Слово было сказано. А на следующий день архимандрит Филарет посетил митрополита Амвросия вместе с другими наставниками академии. Только что в соборе был отслужен благодарственный молебен по случаю окончания второго курса и работники на ниве духовного просвещения ожидали архипастырского благословения на отдых. Настроение у всех было приподнятое, и никто, кроме Филарета, не обратил внимания на некоторую стеснённость владыки.

Побеседовав с профессорами, Амвросий отпустил их, а Филарета оставил.

   — Посмотри, что я пишу! — кивнул владыка на стол.

Филарет подошёл и опустил глаза на большой лист бумаги.

То было представление о доставлении архимандрита Филарета Дроздова во епископы.

Он предполагал такое, но не так скоро и не таким образом; Митрополит смотрел на него с ожиданием.

   — Ваше высокопреосвященство, если вы хотите иметь меня орудием своих действий, если я вам угоден, да будет воля ваша. Если же хотите наградить меня епископством, то это не награда, а подвиг. Наградами же я почтён превыше моих заслуг.

   — Ну, уж это не твоё дело, — отрезал митрополит. — Можно было бы и подождать, кабы не тяготы мои... Тебе первому говорю: скоро подам государю прошение об увольнении на покой. Молчи!.. Слышал небось, как пересуживали мою промашку? Я ведь взял горностай, бывший на погребальном покрове императорской дочери, дабы не испортился он в сундуках. Государю донесли, что, дескать, митрополит на старости лет роскошествует, отделал облачение царским горностаем... И всего-то раз на Крещение вышел с ним, а поди ж ты... С князем я объяснился, да чувствую, неугоден стал. Придёт на моё место Михаил или Серафим, полагаю, что первый всё же, так вот и хочу укрепить твоё положение. Михаил из московских, да кто знает...

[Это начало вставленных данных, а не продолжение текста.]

(* Let $K$ be the fractal percolation on $[0,1]$ with parameters $M\in\mathbb{N}_{\geq2}$ and $p\in[0,1]$, with construction steps $K_n$. Then for any $n\in\mathbb{N}_0$, $$\mathbb{E}V_1(K_n)=p^n,\qquad \mathbb{E}V_0(K_n)=(Mp)^n\left(1-\frac{(M-1)p}{M-p}\left[1-\left(\frac pM\right)^n\right]\right).$$
   Context: Fractal percolation on $[0,1]$: $K_0=[0,1]$; given $K_{n-1}$, a union of closed intervals $[iM^{-(n-1)},(i+1)M^{-(n-1)}]$, each such interval is divided into $M$ closed subintervals of length $M^{-n}$, each kept independently (of everything else) with probability $p$; $K_n$ is the union of kept subintervals. $V_1$ is length and $V_0$ the Euler characteristic (number of connected components) of a finite union of compact intervals. *)

theory Defs
  imports "HOL-Probability.Probability"
begin

text \<open>The randomness is a family of independent
Bernoulli(p) coins indexed by pairs (k, i): the coin omega (k, i) decides whether the
i-th M-adic interval of level k (k >= 1, i < M^k) is kept. Coordinates outside this
range are unused.\<close>

definition fp_space :: "real \<Rightarrow> (nat \<times> nat \<Rightarrow> bool) measure" where
  "fp_space p = PiM UNIV (\<lambda>_. measure_pmf (bernoulli_pmf p))"

text \<open>The level-n interval i survives to K_n iff it and all its ancestors were kept.\<close>
definition fp_survives :: "nat \<Rightarrow> (nat \<times> nat \<Rightarrow> bool) \<Rightarrow> nat \<Rightarrow> nat \<Rightarrow> bool" where
  "fp_survives M \<omega> n i = (\<forall>k\<in>{1..n}. \<omega> (k, i div M ^ (n - k)))"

Большие дела скоро не делаются. Спустя более года, 5 августа 1817 года в Троицком соборе лавры проходила хиротония архимандрита Филарета во епископа ревельского. Участвовали в ней митрополит Амвросий, архиепископ черниговский Михаил и архиепископ тверской Серафим. Посмотреть на редкую церемонию собралось немало жителей Петербурга, однако царских особ не было.

Согласно церковному уставу, посвящение во епископа происходит по совершении Трисвятой песни. Протодиакон и протоиерей взяли Филарета под руки и подвели к царским вратам. За распахнутыми вратами к нему протянули руки владыка Амвросий и владыка Серафим.

Князь Голицын, при всём скептическом отношении к обрядовой стороне православия, всё же испытывал сильное волнение. Он мог находиться в алтаре, но предпочёл встать справа от амвона, чтобы давать пояснения знакомым. Впрочем, великолепие архиерейской службы и пение придворной капеллы захватили внимание всех без исключения.

Войдя в алтарь, Филарет опустился перед святым престолом на оба колена. На склонённую главу его возложили святое Евангелие, как повелось от времён апостольских. Трепетная тишина возникла в огромном храме. Слова читаемой над Филаретом двумя архиереями молитвы доносились до первых рядов молящихся. Со снятием Евангелия совершилось окончательное посвящение. При громком и радостном пении «Аксиос!» на епископа Филарета был надет саккос и возложено отличительное архиерейское облачение — омофор, на грудь повешена панагия.

— Всех священнических одежд семь, — пояснял князь быстрым шёпотом, — по числу семи действий Духа Святаго: стихарь, епитрахиль, пояс, нарукавницы, набедренник, фелонь, или саккос, и, наконец, омофор. Каждая одежда имеет особенное значение...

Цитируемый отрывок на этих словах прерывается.